text \<open>Basic weak* neighbourhoods contain N-balls, so weak*-closed sets are N-closed.\<close>

lemma wstar_closed_imp_norm_closed:
  assumes C: "wstar_closed C"
  shows "norm_closed N C"
  unfolding norm_closed_def
proof (intro conjI ballI impI)
  show Cl1: "C \<subseteq> l1" using C by (simp add: wstar_closed_def)
  fix x assume x: "x \<in> l1" and approx: "\<forall>e>0. \<exists>s\<in>C. N (vsub s x) < e"
  have "\<exists>s\<in>C. \<forall>y\<in>F. \<bar>pair (vsub s x) y\<bar> < e" if F: "finite F" "F \<subseteq> c0" and e: "0 < e" for F e
  proof -
    have "\<exists>B. \<forall>n. \<bar>y n\<bar> \<le> B" if "y \<in> F" for y
    proof -
      have "Bseq y" using that F(2) unfolding c0_def by (auto intro: convergent_imp_Bseq convergentI)
      thus ?thesis unfolding Bseq_def by auto
    qed
    then obtain Bf where Bf: "\<And>y n. y \<in> F \<Longrightarrow> \<bar>y n\<bar> \<le> Bf y" by metis
    define B where "B = 1 + (\<Sum>y\<in>F. \<bar>Bf y\<bar>)"
    have B_pos: "0 < B" by (simp add: B_def add_pos_nonneg sum_nonneg)
    have B_bound: "\<bar>y n\<bar> \<le> B" if "y \<in> F" for y n
    proof -
      have "\<bar>Bf y\<bar> \<le> (\<Sum>y\<in>F. \<bar>Bf y\<bar>)" using F(1) that by (intro member_le_sum) auto
      thus ?thesis using Bf[OF that, of n] by (simp add: B_def)
    qed
    obtain s where s: "s \<in> C" "N (vsub s x) < lo * e / B"
      using approx lo_pos e B_pos by (meson divide_pos_pos mult_pos_pos)
    have sx: "vsub s x \<in> l1" using s(1) Cl1 x by (blast intro: vsub_l1)
    have "lo * l1norm (vsub s x) < lo * (e / B)" using N_lower[OF sx] s(2) by simp
    hence small: "B * l1norm (vsub s x) < e" using lo_pos B_pos by (simp add: field_simps)
    show ?thesis
      using pair_bound[OF sx B_bound] small s(1) by (meson le_less_trans)
  qed
  thus "x \<in> C" using C x unfolding wstar_closed_def by blast
qed

lemma N_trunc_le: "N (trunc m x) \<le> (\<Sum>k<m. \<bar>x k\<bar> * N (ebasis k))"
proof (induction m)
  case 0
  show ?case by (simp add: trunc_def N_zero)
next
  case (Suc m)
  have "N (trunc (Suc m) x) \<le> N (trunc m x) + N (vscale (x m) (ebasis m))"
    unfolding trunc_Suc by (rule N_triangle[OF trunc_l1 vscale_l1[OF ebasis_l1]])
  also have "N (vscale (x m) (ebasis m)) = \<bar>x m\<bar> * N (ebasis m)"
    by (rule N_vscale[OF ebasis_l1])
  finally show ?case using Suc.IH by simp
qed

lemma weighted_l1_summable: "x \<in> l1 \<Longrightarrow> summable (\<lambda>k. \<bar>x k\<bar> * N (ebasis k))"
  using l1_times_bounded_summable[of x "\<lambda>k. N (ebasis k)" hi] N_ebasis_le N_ebasis_pos
  by (simp add: abs_mult less_imp_le)

lemma N_le_weighted_l1:
  assumes x: "x \<in> l1"
  shows "N x \<le> (\<Sum>k. \<bar>x k\<bar> * N (ebasis k))" (is "_ \<le> ?Q")
proof (rule field_le_epsilon)
  fix e :: real assume "0 < e"
  then obtain m where m: "N (vsub (trunc m x) x) < e" using trunc_approx[OF x] by blast
  have "x = vadd (trunc m x) (vsub x (trunc m x))" by (auto simp: vadd_def vsub_def)
  hence "N x \<le> N (trunc m x) + N (vsub x (trunc m x))"
    using N_triangle[OF trunc_l1 vsub_l1[OF x trunc_l1]] by metis
  also have "N (vsub x (trunc m x)) < e"
    using m N_vsub_commute[OF x trunc_l1] by simp
  also have "N (trunc m x) \<le> ?Q"
  proof -
    have "(\<Sum>k<m. \<bar>x k\<bar> * N (ebasis k)) \<le> ?Q"
      by (rule sum_le_suminf[OF weighted_l1_summable[OF x]])
         (auto intro: mult_nonneg_nonneg less_imp_le[OF N_ebasis_pos])
    thus ?thesis using N_trunc_le[of m x] by linarith
  qed
  finally show "N x \<le> ?Q + e" by simp
qed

◇ ◇ ◇ ◇

Exercise directions -> An exact copy of the data is needed, running from its first line through the line that holds "fix x assume", and nothing beyond that.

Response to this task ->
text \<open>Basic weak* neighbourhoods contain N-balls, so weak*-closed sets are N-closed.\<close>

lemma wstar_closed_imp_norm_closed:
  assumes C: "wstar_closed C"
  shows "norm_closed N C"
  unfolding norm_closed_def
proof (intro conjI ballI impI)
  show Cl1: "C \<subseteq> l1" using C by (simp add: wstar_closed_def)
  fix x assume x: "x \<in> l1" and approx: "\<forall>e>0. \<exists>s\<in>C. N (vsub s x) < e"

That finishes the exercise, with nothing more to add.